If my life was a fairytale, the wicked witch that cast this curse upon me is jus' jelly and as soon as my true love shows up and plants one on me, I'll be fine! Happy, in fact! Ever after, even. My boyfriend will be glad to hear it.
If my life was a movie, my migraines would be indicative of poor life choices or self-loathing or that I need to forgive my father. Once I overcome my obstacles (in montage, accompanied by a kicky pop song) and tearfully reunite with all of the people who have wronged me, the pain will lift or at least I'll have some kind of epiphany wherein I realize that the pain was never about my head, but about my heart.
If my life was a song, it would be bluesy and melancholy, or country and woeful, or rock and angry, or pop and hopeful.
If my life was someone else's it would likely look different. They might use triptans, or reside in an assisted living apartment.

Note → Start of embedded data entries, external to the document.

(* Let $b>\tfrac12$ and $m\in\mathbb Z$, and define the functions $f(t)=\vartheta_3(\pi t+2\pi bm,\,ib)$ and $g(t)=\vartheta_3(\pi t,\,ib)$ for $t\in\mathbb R$. Then $$\sup_{t\in\mathbb R}|f(t)-g(t)|\le 8\pi|m|\,(b-\tfrac12)\sum_{k=1}^\infty k\,e^{-\pi bk^2}.$$
   Context: For $z,t\in\mathbb C$ with $\operatorname{Im}t>0$: $\vartheta_3(z,t)=\sum_{n\in\mathbb Z}e^{\pi i t n^2}e^{2izn}$. *)

theory Defs
  imports "HOL-Analysis.Analysis"
begin

definition theta3 :: "complex \<Rightarrow> complex \<Rightarrow> complex" where
  "theta3 z t = (\<Sum>\<^sub>\<infinity>n\<in>(UNIV::int set).
      exp (pi * \<i> * t * of_int n ^ 2) * exp (2 * \<i> * z * of_int n))"

end

theory Submission
  imports Defs "HOL-Real_Asymp.Real_Asymp"
begin

text \<open>
  Since \<open>exp (2\<pi>imn) = 1\<close>, \<open>\<vartheta>\<^sub>3(\<cdot>, \<tau>)\<close> has period \<open>\<pi>\<close>, so shifting the argument by
  \<open>2\<pi>bm\<close> is the same as shifting it by \<open>y = 2\<pi>(b - 1/2)m\<close>. For real arguments the \<open>n\<close>-th
  terms of the two series differ by the factor \<open>exp (2iyn) - 1\<close>, of modulus at most \<open>2|y||n|\<close>,
  while the \<open>n\<close>-th term itself has modulus \<open>exp (-\<pi>bn\<^sup>2)\<close>. Summing over \<open>n \<in> \<int>\<close> gives the
  bound \<open>2|y| \<Sum>\<^sub>n |n| exp (-\<pi>bn\<^sup>2) = 4|y| \<Sum>\<^sub>k\<^sub>\<ge>\<^sub>1 k exp (-\<pi>bk\<^sup>2)\<close>.
\<close>

lemma norm_exp_i_minus_1_le: "norm (exp (\<i> * of_real x) - 1) \<le> \<bar>x\<bar>"
proof -
  have "(norm (exp (\<i> * of_real x) - 1))^2 = (cos x - 1)^2 + (sin x)^2"
    by (simp add: exp_eq_polar cis.ctr cmod_def)
  also have "\<dots> = 4 * (sin (x/2))^2"
    using cos_double_sin[of "x/2"] by (simp add: power2_eq_square algebra_simps sin_squared_eq)
  also have "\<dots> \<le> x^2"
    using abs_sin_x_le_abs_x[of "x/2"] abs_le_square_iff[of "sin (x/2)" "x/2"]
    by (simp add: power_divide)
  finally show ?thesis by (metis abs_le_square_iff abs_norm_cancel)
qed

lemma has_sum_diff:
  fixes f g :: "'a \<Rightarrow> 'b::topological_ab_group_add"
  assumes "(f has_sum a) A" and "(g has_sum b) A"
  shows "((\<lambda>x. f x - g x) has_sum (a - b)) A"
proof -
  have "((\<lambda>x. - g x) has_sum - b) A"
    using assms(2) by (simp add: has_sum_uminus)
  from has_sum_add[OF assms(1) this] show ?thesis
    by simp
qed

lemma has_sum_int_symmetric:
  fixes f :: "int \<Rightarrow> 'a::real_normed_vector"
  assumes even: "\<And>n. f (- n) = f n"
    and pos: "((\<lambda>k. f (int (Suc k))) has_sum s) UNIV"
  shows "(f has_sum (f 0 + 2 *\<^sub>R s)) UNIV"
proof -
  let ?P = "range (\<lambda>k. int (Suc k))" and ?N = "range (\<lambda>k. - int (Suc k))"
  have "(f has_sum s) ?P"
    using pos by (subst has_sum_reindex) (auto simp: inj_def o_def)
  moreover have "inj (\<lambda>k. - int (Suc k))"
    by (auto simp: inj_def)
  hence "(f has_sum s) ?N"
    using pos by (simp only: has_sum_reindex o_def even)
  ultimately have "(f has_sum (s + s)) (?P \<union> ?N)"
    by (rule has_sum_Un_disjoint) auto
  moreover have "(f has_sum f 0) {0}"
    by (rule has_sum_finiteI) auto
  ultimately have "(f has_sum (s + s + f 0)) (?P \<union> ?N \<union> {0})"
    by (rule has_sum_Un_disjoint) auto
  moreover have "?P \<union> ?N \<union> {0} = UNIV"
  proof -
    have "n \<in> ?P \<union> ?N" if "n \<noteq> 0" for n :: int
    proof (cases "n > 0")
      case True
      hence "n = int (Suc (nat (n - 1)))" by simp
      thus ?thesis by (metis UnI1 rangeI)
    next
      case False
      hence "n = - int (Suc (nat (- n - 1)))" using that by simp
      thus ?thesis by (metis UnI2 rangeI)
    qed
    thus ?thesis by blast
  qed
  ultimately show ?thesis
    by (simp add: scaleR_2 add.commute)
qed

lemma summable_Gaussian_moment:
  fixes c :: real
  assumes "c > 0"
  shows "summable (\<lambda>k. real (Suc k) * exp (- c * real (Suc k)^2))"
proof (rule summable_comparison_test_bigo)
  show "summable (\<lambda>k. norm (inverse (real k ^ 2)))"
    using inverse_power_summable[of 2, where 'a = real] by simp
  show "(\<lambda>k. real (Suc k) * exp (- c * real (Suc k)^2)) \<in> O(\<lambda>k. inverse (real k ^ 2))"
    using assms by real_asymp
qed

lemma has_sum_abs_times_Gaussian:
  fixes c :: real
  assumes "c > 0"
  shows "((\<lambda>n::int. \<bar>of_int n\<bar> * exp (- c * of_int n ^ 2)) has_sum
           2 * (\<Sum>k. real (Suc k) * exp (- c * real (Suc k)^2))) UNIV"
  using has_sum_int_symmetric[where f = "\<lambda>n. \<bar>of_int n\<bar> * exp (- c * of_int n ^ 2)"]
    sums_nonneg_imp_has_sum[OF summable_sums[OF summable_Gaussian_moment[OF assms]]]
  by simp

lemma summable_on_Gaussian:
  fixes c :: real
  assumes "c > 0"
  shows "(\<lambda>n::int. exp (- c * of_int n ^ 2)) summable_on UNIV"
proof -
  have "summable (\<lambda>k. exp (- c * real (Suc k)^2))"
    by (rule summable_comparison_test[OF _ summable_Gaussian_moment[OF assms]]) auto
  hence "((\<lambda>k. exp (- c * real (Suc k)^2)) has_sum (\<Sum>k. exp (- c * real (Suc k)^2))) UNIV"
    by (intro sums_nonneg_imp_has_sum summable_sums) auto
  thus ?thesis
    using has_sum_int_symmetric[where f = "\<lambda>n. exp (- c * of_int n ^ 2)"]
    by (auto dest: has_sum_imp_summable)
qed

definition theta3_term :: "complex \<Rightarrow> complex \<Rightarrow> int \<Rightarrow> complex" where
  "theta3_term z t n = exp (pi * \<i> * t * of_int n ^ 2) * exp (2 * \<i> * z * of_int n)"

lemma theta3_eq_infsum_theta3_term: "theta3 z t = (\<Sum>\<^sub>\<infinity>n. theta3_term z t n)"
  unfolding theta3_def theta3_term_def ..

lemma theta3_term_add:
  "theta3_term (z + w) t n = theta3_term z t n * exp (2 * \<i> * w * of_int n)"
  unfolding theta3_term_def distrib_left distrib_right exp_add by (simp only: mult.assoc)

lemma norm_theta3_term_of_real:
  "norm (theta3_term (of_real x) t n) = exp (- pi * Im t * of_int n ^ 2)"
  by (simp add: theta3_term_def norm_mult)

lemma theta3_term_of_real_summable:
  assumes "Im t > 0"
  shows "theta3_term (of_real x) t summable_on UNIV"
proof (rule abs_summable_summable)
  have "(\<lambda>n::int. exp (- (pi * Im t) * of_int n ^ 2)) summable_on UNIV"
    using assms by (intro summable_on_Gaussian) simp
  thus "(\<lambda>n. norm (theta3_term (of_real x) t n)) summable_on UNIV"
    unfolding norm_theta3_term_of_real minus_mult_left .
qed

lemma theta3_add_pi_int:
  fixes z t :: complex
  shows "theta3 (z + of_real pi * of_int k) t = theta3 z t"
proof -
  have "theta3_term (z + of_real pi * of_int k) t n = theta3_term z t n" for n
  proof -
    have "2 * \<i> * (of_real pi * of_int k) * of_int n = \<i> * (of_int (k * n) * (of_real pi * 2))"
      by simp
    hence "exp (2 * \<i> * (of_real pi * of_int k) * of_int n) = 1"
      by (simp only: exp_2pi_1_int)
    thus ?thesis by (simp only: theta3_term_add mult_1_right)
  qed
  thus ?thesis by (simp add: theta3_eq_infsum_theta3_term)
qed

lemma norm_theta3_diff_le:
  assumes "Im t > 0"
  shows "norm (theta3 (of_real (x + y)) t - theta3 (of_real x) t)
           \<le> 4 * \<bar>y\<bar> * (\<Sum>k. real (Suc k) * exp (- pi * Im t * real (Suc k)^2))"
proof -
  define d where "d n = theta3_term (of_real (x + y)) t n - theta3_term (of_real x) t n" for n
  define h where "h n = \<bar>of_int n\<bar> * exp (- pi * Im t * of_int n ^ 2)" for n :: int
  have h_sum: "(h has_sum 2 * (\<Sum>k. real (Suc k) * exp (- pi * Im t * real (Suc k)^2))) UNIV"
    unfolding h_def using has_sum_abs_times_Gaussian[of "pi * Im t"] assms by simp
  have d_le: "norm (d n) \<le> 2 * \<bar>y\<bar> * h n" for n
  proof -
    have d_eq: "d n = theta3_term (of_real x) t n * (exp (\<i> * of_real (2 * y * of_int n)) - 1)"
      by (simp add: d_def theta3_term_add right_diff_distrib mult_ac)
    have "norm (d n) \<le> exp (- pi * Im t * of_int n ^ 2) * \<bar>2 * y * of_int n\<bar>"
      unfolding d_eq norm_mult norm_theta3_term_of_real
      by (intro mult_left_mono norm_exp_i_minus_1_le) auto
    thus ?thesis by (simp add: h_def abs_mult mult_ac)
  qed
  have bound_summable: "(\<lambda>n. 2 * \<bar>y\<bar> * h n) summable_on UNIV"
    using h_sum by (intro summable_on_cmult_right has_sum_imp_summable)
  have d_abs_summable: "(\<lambda>n. norm (d n)) summable_on UNIV"
    using bound_summable d_le by (rule Infinite_Sum.abs_summable_on_comparison_test')
  have "(d has_sum (theta3 (of_real (x + y)) t - theta3 (of_real x) t)) UNIV"
    unfolding d_def theta3_eq_infsum_theta3_term
    by (intro has_sum_diff has_sum_infsum theta3_term_of_real_summable assms)
  hence "norm (theta3 (of_real (x + y)) t - theta3 (of_real x) t) = norm (infsum d UNIV)"
    by (simp add: infsumI)
  also have "\<dots> \<le> infsum (\<lambda>n. norm (d n)) UNIV"
    by (rule norm_infsum_bound[OF d_abs_summable])
  also have "\<dots> \<le> infsum (\<lambda>n. 2 * \<bar>y\<bar> * h n) UNIV"
    using d_abs_summable bound_summable d_le by (rule infsum_mono)
  also have "\<dots> = 4 * \<bar>y\<bar> * (\<Sum>k. real (Suc k) * exp (- pi * Im t * real (Suc k)^2))"
    using has_sum_cmult_right[OF h_sum, of "2 * \<bar>y\<bar>"] by (simp add: infsumI)
  finally show ?thesis .
qed

theorem lemma6p1:
  fixes b :: real and m :: int
  assumes "b > 1/2"
  shows "(SUP t\<in>(UNIV::real set).
            ereal (norm (theta3 (of_real (pi * t + 2 * pi * b * of_int m)) (\<i> * of_real b)
                       - theta3 (of_real (pi * t)) (\<i> * of_real b))))
         \<le> ereal (8 * pi * \<bar>of_int m\<bar> * (b - 1/2) *
                   (\<Sum>k. real (Suc k) * exp (- pi * b * (real (Suc k))^2)))"
proof (rule SUP_least)
  fix t :: real
  define y where "y = 2 * pi * (b - 1/2) * of_int m"
  have "of_real (pi * t + 2 * pi * b * of_int m) = of_real (pi * t + y) + of_real pi * (of_int m :: complex)"
    by (simp add: y_def algebra_simps)
  hence "theta3 (of_real (pi * t + 2 * pi * b * of_int m)) (\<i> * of_real b)
           = theta3 (of_real (pi * t + y)) (\<i> * of_real b)"
    by (simp only: theta3_add_pi_int)
  moreover have "4 * \<bar>y\<bar> = 8 * pi * \<bar>of_int m\<bar> * (b - 1/2)"
    using assms by (simp add: y_def abs_mult)
  ultimately show "ereal (norm (theta3 (of_real (pi * t + 2 * pi * b * of_int m)) (\<i> * of_real b)
                       - theta3 (of_real (pi * t)) (\<i> * of_real b)))
         \<le> ereal (8 * pi * \<bar>of_int m\<bar> * (b - 1/2) *
                   (\<Sum>k. real (Suc k) * exp (- pi * b * (real (Suc k))^2)))"
    using norm_theta3_diff_le[of "\<i> * of_real b" "pi * t" y] assms by simp
qed

end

He might have a kid that also suffers when daddy suffers, or she might have kept working long after I did, having found strength that I simply could not summon.
I'm not sure what I'm getting at here, honestly. It's all stories, different versions and perspectives, different morals and attitudes, different reasons for sharing the things we do. My story is winding; sometimes wild and strange and sometimes so boring we could all cry from the dull. But when I tell my story, what's important? Surviving the pain, or when it beats me? My good days or bad? Is it possible to live the story while telling it, and do both effectively?
I'm not sure. Maybe not with migraine, maybe not for me. But that won't stop me from trying, because MAYBE I CAN.